‘How stupid I am!’ she exclaims. ’Gladys would reckon them up directly, but she is at the school, and I am ashamed to ask Nita, with all her accounts.’
She pauses a moment and lays down her pen. Her eyes fall upon an unopened letter.
‘And I declare I have not broken the seal of my own father’s letter,’ she mutters, performing this duty as she does so, and running through it with occasional comments.
’"We hope you will come and spend Christmas—” I suppose I must—“and see your little brother, who longs to see sister Freda again—” Humph! but who cut her out of Glanyravon Park and all thereto belonging, though he certainly is a dear little man. “Her ladyship quite well, and desires her love.” I suppose I ought to be glad and try to return the love. “Mrs Gwynne Vaughan and her children were here yesterday. She asked for you, and the little ones wished to know when you were coming home—” I am much obliged to her, and am afraid I am not too anxious to see either her or her husband, in spite of their civility. “Little Harold is really a wonderful child! He begins to spell already!” So like my good father. Well, I ought to be thankful he is happy, and that it all turned out so much better than I expected. But I can’t help feeling a kind of wicked disappointment when I think that Lady Mary should be quite as good a tactician as a second wife, as she was before she married again. But, I hope, I am happy that she makes poor papa comfortable and doesn’t worry him to death. I don’t think he loves her now half as well as he does me; still, perhaps she suits him better, because she manages him, and I never could. But the tyfydd [Footnote: Welsh for heir.] is a dear little fellow, and I am really fond of him.’

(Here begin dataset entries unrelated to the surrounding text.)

(* Let $w(x)=\sup_{\tau}\limsup_{T\to\infty}\mathbb E^x\{\int_0^{\tau\wedge T}f(X_s)\,ds+g(X_{\tau\wedge T})\}$. Assume (B1): for every $x\in E$ there is $d(x)<0$ such that $\gamma(x)=\sup_\tau\limsup_{T\to\infty}\mathbb E^x\{\int_0^{\tau\wedge T}(f(X_s)-d(x))ds\}<\infty$. Then for every $x\in E$, $\varepsilon>0$ and every $\varepsilon$-optimal stopping time $\sigma$ for $w(x)$ with $\mathbb E^x\sigma<\infty$, $$\mathbb E^x\{\sigma\}\le\frac{\gamma(x)+2\|g\|+\varepsilon}{-d(x)}.$$
   Context: $E$ is a locally compact separable metric space in which every closed ball is compact. $(X_t)$ is a right-continuous time-homogeneous (standard) Markov process on $E$ with laws $\mathbb P^x$, expectations $\mathbb E^x$, satisfying the weak Feller property $P_t\mathcal C_0\subseteq\mathcal C_0$ ($P_t\phi(x)=\mathbb E^x\phi(X_t)$, $\mathcal C_0$ continuous bounded functions vanishing at infinity) and ergodicity (a unique probability measure $\mu$ with $\|P_t(x,\cdot)-\mu\|_{TV}\to0$ for all $x$). $f,g$ are continuous and bounded; $\|\cdot\|$ is the sup norm. A stopping time $\sigma$ is $\varepsilon$-optimal for $w(x)$ if the expression inside the supremum is $\ge w(x)-\varepsilon$. *)

theory Defs
  imports "HOL-Probability.Probability"
begin

text \<open>State space E: a locally compact separable metric space in which every closed ball
  is compact.  E is modelled as a type of class metric_space (so E = UNIV).\<close>
definition state_space_ok :: "'a::metric_space itself \<Rightarrow> bool" where
  "state_space_ok _ \<longleftrightarrow>
     locally compact (UNIV :: 'a set) \<and>
     (\<exists>D::'a set. countable D \<and> closure D = UNIV) \<and>
     (\<forall>(x::'a) r. compact (cball x r))"

definition C0 :: "('a::metric_space \<Rightarrow> real) set" where
  "C0 = {\<phi>. continuous_on UNIV \<phi> \<and> bounded (range \<phi>) \<and>
            (\<forall>e>0. \<exists>K. compact K \<and> (\<forall>x. x \<notin> K \<longrightarrow> \<bar>\<phi> x\<bar> < e))}"
(* Under the setting below, suppose the index sets of Algorithm BC satisfy the randomized sampling requirement. Then almost surely: (i) $\sum_k\|\bm x^k-\bm z^k\|^2<\infty$ (in particular $\|\bm x^k-\bm z^k\|\to0$); (ii) $\Phi(\bm z^k)\to\Phi_\star$, where $\Phi_\star:=\lim_k\Phi^{\mathrm{FB}}_\Gamma(\bm x^k)$ (a finite limit with $\Phi_\star\ge\min\Phi$); (iii) $(\bm x^k)$ and $(\bm z^k)$ have the same cluster points, every such cluster point $\bm x^\star$ satisfies $0\in\hat\partial\Phi(\bm x^\star)$, and $\Phi(\bm x^\star)=\Phi^{\mathrm{FB}}_\Gamma(\bm x^\star)=\Phi_\star$.
   Context: Setting: $N\ge1$, $n=\sum_{i=1}^N n_i$, $\bm x=(x_1,\dots,x_N)$ with $x_i\in\mathbb R^{n_i}$; $\Phi=F+G$ with $F(\bm x)=\frac1N\sum_i f_i(x_i)$, each $f_i:\mathbb R^{n_i}\to\mathbb R$ differentiable with $L_{f_i}$-Lipschitz gradient, $G:\mathbb R^n\to\mathbb R\cup\{+\infty\}$ proper lsc, $\arg\min\Phi\ne\emptyset$. $\gamma_i\in(0,N/L_{f_i})$, $\Gamma=\operatorname{blockdiag}(\gamma_1I_{n_1},\dots,\gamma_NI_{n_N})$, $\|x\|_V^2=\langle x,Vx\rangle$, $\operatorname{prox}_G^{V}(u)=\arg\min_w\{G(w)+\frac12\|w-u\|_V^2\}$, $\mathbf T(\bm x)=\operatorname{prox}_G^{\Gamma^{-1}}(\bm x-\Gamma\nabla F(\bm x))$. Forward-backward envelope: $\Phi^{\mathrm{FB}}_\Gamma(\bm x):=\inf_{\bm w}\{F(\bm x)+\langle\nabla F(\bm x),\bm w-\bm x\rangle+G(\bm w)+\frac12\|\bm w-\bm x\|^2_{\Gamma^{-1}}\}$. Algorithm BC: given $\bm x^0\in\mathbb R^n$, for $k=0,1,\dots$: pick $\bm z^k\in\mathbf T(\bm x^k)$; select $I^{k+1}\subseteq[N]$; set $x_i^{k+1}=z_i^k$ for $i\in I^{k+1}$ and $x_i^{k+1}=x_i^k$ otherwise. Randomized sampling requirement: there exist $p_1,\dots,p_N>0$ such that at every iteration, conditionally on the past, $\mathbb P(i\in I^{k+1})\ge p_i$ for every $i\in[N]$ (several indices may be selected at once; the $p_i$ need not sum to one). $\hat\partial$ denotes the regular (Fréchet) subdifferential. *)

theory Defs
  imports "HOL-Analysis.Analysis" "HOL-Probability.Probability"
begin

text \<open>Block structure: coordinates of type 'n, blocks of type 'b (N = CARD('b)),
  the block of coordinate j is blk j.  Step sizes gam :: 'b => real give
  Gamma = blockdiag(gam_1 I, ..., gam_N I).\<close>

definition blk_proj :: "('n \<Rightarrow> 'b) \<Rightarrow> 'b \<Rightarrow> real^'n \<Rightarrow> real^'n" where
  "blk_proj blk i x = (\<chi> j. if blk j = i then x $ j else 0)"

definition Gam_mul :: "('n::finite \<Rightarrow> 'b) \<Rightarrow> ('b \<Rightarrow> real) \<Rightarrow> real^'n \<Rightarrow> real^'n" where
  "Gam_mul blk gam v = (\<chi> j. gam (blk j) * v $ j)"

definition Gam_inv_norm2 :: "('n::finite \<Rightarrow> 'b) \<Rightarrow> ('b \<Rightarrow> real) \<Rightarrow> real^'n \<Rightarrow> real" where
  "Gam_inv_norm2 blk gam w = (\<Sum>j\<in>UNIV. (w $ j)^2 / gam (blk j))"

definition Fsep :: "('b::finite \<Rightarrow> real^'n \<Rightarrow> real) \<Rightarrow> real^'n \<Rightarrow> real" where
  "Fsep f x = (\<Sum>i\<in>UNIV. f i x) / real CARD('b)"

definition gradFsep :: "('b::finite \<Rightarrow> real^'n \<Rightarrow> real^'n) \<Rightarrow> real^'n \<Rightarrow> real^'n" where
  "gradFsep g x = (1 / real CARD('b)) *\<^sub>R (\<Sum>i\<in>UNIV. g i x)"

Miss Gwynne’s soliloquy is cut short by a rap at the door, followed by the entrance of Rowland Prothero, who says, as he bows and seems about to retreat,—
‘I beg your pardon—I was told Mr Jones was here.’
‘Oh, do come in!’ says Miss Gwynne, rising, and advancing to meet Rowland; ’I cannot get through these accounts. I have been reckoning and reckoning ever since breakfast, and they will not come right. I should be so much obliged to you if you would just look them over for me.’
Rowland seated himself at Freda’s desk, and began at once to do her bidding. The ragged school was the one in which he was so much interested, and that he had been instrumental in establishing.
Whilst Miss Gwynne had been living with her friend, Mrs Jones, she had seen a great deal of Rowland; they had, in fact, been thrown much together. At first, Rowland ceased to come to consult the Joneses, or to spend his few spare hours with them, when he heard that Freda was there; and, of course, they and she understood and respected his reasons for absenting himself; but in the course of time, they met at Sir Philip Payne Perry’s, at his rector’s, and elsewhere, and his reserve slightly wore off.